[Data records — start]

(* For all $k,l\in\mathbb{Z}$ and all $0<\xi<1$, $s_{k,l}(\xi)>0$.
   Context: For $0<\xi<1$ let $\mu_\xi(\varphi):=\xi^{-2}+(1-\xi^{-2})\cos\varphi$ and define $s_{k,l}(\xi):=\int_0^{2\pi}\int_0^{2\pi}\frac{e^{-ik\varphi}e^{-il\eta}}{(\mu_\xi(\varphi)-\cos\eta)^{1/2}}\,d\eta\,d\varphi$ for $k,l\in\mathbb{Z}$. *)

theory Defs
  imports "HOL-Analysis.Analysis"
begin

definition mu :: "real \<Rightarrow> real \<Rightarrow> real" where
  "mu \<xi> \<phi> = \<xi> powi (-2) + (1 - \<xi> powi (-2)) * cos \<phi>"

text \<open>Iterated Lebesgue (Bochner) integral over [0,2pi] x [0,2pi], complex-valued.
  For 0 < xi < 1 one has mu xi phi - cos eta \<ge> 0, so the real square root is the
  principal square root.\<close>
definition s :: "int \<Rightarrow> int \<Rightarrow> real \<Rightarrow> complex" where
  "s k l \<xi> =
     (LINT \<phi>:{0..2*pi}|lborel. LINT \<eta>:{0..2*pi}|lborel.
        exp (- \<i> * of_int k * of_real \<phi>) * exp (- \<i> * of_int l * of_real \<eta>)
        / of_real (sqrt (mu \<xi> \<phi> - cos \<eta>)))"

end

theory Submission
  imports Defs
begin

text \<open>Put \<open>a = \<xi> powi -2 > 1\<close>. Then \<open>mu \<xi> \<phi> - cos \<eta> = a - V\<close> with
  \<open>V = (a - 1) cos \<phi> + cos \<eta>\<close> and \<open>\<bar>V\<bar> \<le> a\<close>. Replacing \<open>V\<close> by \<open>r V\<close> with \<open>r < 1\<close>, the binomial
  series of \<open>(a - r V)\<^sup>-\<^sup>1\<^sup>/\<^sup>2\<close> has positive coefficients and converges uniformly, so it may be
  integrated term by term against \<open>e\<^sup>-\<^sup>i\<^sup>k\<^sup>\<phi> e\<^sup>-\<^sup>i\<^sup>l\<^sup>\<eta>\<close>. Expanding \<open>V\<^sup>n\<close> and the powers of
  cosine binomially shows that every Fourier coefficient of \<open>V\<^sup>n\<close> is a nonnegative real number, and
  the one with \<open>n = |k| + |l|\<close> is positive. Hence the regularised integral is real and bounded
  below by a positive multiple of \<open>r\<^sup>|\<^sup>k\<^sup>|\<^sup>+\<^sup>|\<^sup>l\<^sup>|\<close>. Finally \<open>r \<rightarrow> 1\<close> by dominated convergence:
  \<open>a - V = (a - 1)(1 - cos \<phi>) + (1 - cos \<eta>)\<close>, so by AM-GM the integrand is dominated by
  \<open>1 + ((a - 1)(1 - cos \<phi>))\<^sup>-\<^sup>1\<^sup>/\<^sup>4 (1 - cos \<eta>)\<^sup>-\<^sup>1\<^sup>/\<^sup>4\<close>, which is integrable because
  \<open>1 - cos x\<close> vanishes only quadratically at \<open>0\<close> and \<open>2\<pi>\<close>.\<close>

section \<open>The zeros of \<open>1 - cos\<close>\<close>

lemma sin_ge_half_self:
  fixes t :: real
  assumes "0 \<le> t" "t \<le> 1"
  shows "t / 2 \<le> sin t"
proof -
  have "cos (pi / 3) < cos 1"
    using pi_gt3 by (subst cos_mono_less_eq) auto
  hence cos1: "1 / 2 < cos (1::real)"
    by (simp add: cos_60)
  have "(\<lambda>x. sin x - x / 2) 0 \<le> (\<lambda>x. sin x - x / 2) t"
  proof (rule DERIV_nonneg_imp_nondecreasing[OF assms(1)])
    fix x assume x: "0 \<le> x" "x \<le> t"
    have "cos 1 \<le> cos x"
      using x assms pi_gt3 by (subst cos_mono_le_eq) auto
    moreover have "DERIV (\<lambda>x. sin x - x / 2) x :> cos x - 1 / 2"
      by (auto intro!: derivative_eq_intros)
    ultimately show "\<exists>y. DERIV (\<lambda>x. sin x - x / 2) x :> y \<and> 0 \<le> y"
      using cos1 by force
  qed
  thus ?thesis by simp
qed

[Data records — finish]

> **Exercise aim**
Within the material above, copy exactly the lines from the line that holds "cosine binomially shows" up to and including the line that holds "at \<open>0\<close> and \<open>2\<pi>\<close>.\<close>".

> **Task output**
  cosine binomially shows that every Fourier coefficient of \<open>V\<^sup>n\<close> is a nonnegative real number, and
  the one with \<open>n = |k| + |l|\<close> is positive. Hence the regularised integral is real and bounded
  below by a positive multiple of \<open>r\<^sup>|\<^sup>k\<^sup>|\<^sup>+\<^sup>|\<^sup>l\<^sup>|\<close>. Finally \<open>r \<rightarrow> 1\<close> by dominated convergence:
  \<open>a - V = (a - 1)(1 - cos \<phi>) + (1 - cos \<eta>)\<close>, so by AM-GM the integrand is dominated by
  \<open>1 + ((a - 1)(1 - cos \<phi>))\<^sup>-\<^sup>1\<^sup>/\<^sup>4 (1 - cos \<eta>)\<^sup>-\<^sup>1\<^sup>/\<^sup>4\<close>, which is integrable because
  \<open>1 - cos x\<close> vanishes only quadratically at \<open>0\<close> and \<open>2\<pi>\<close>.\<close>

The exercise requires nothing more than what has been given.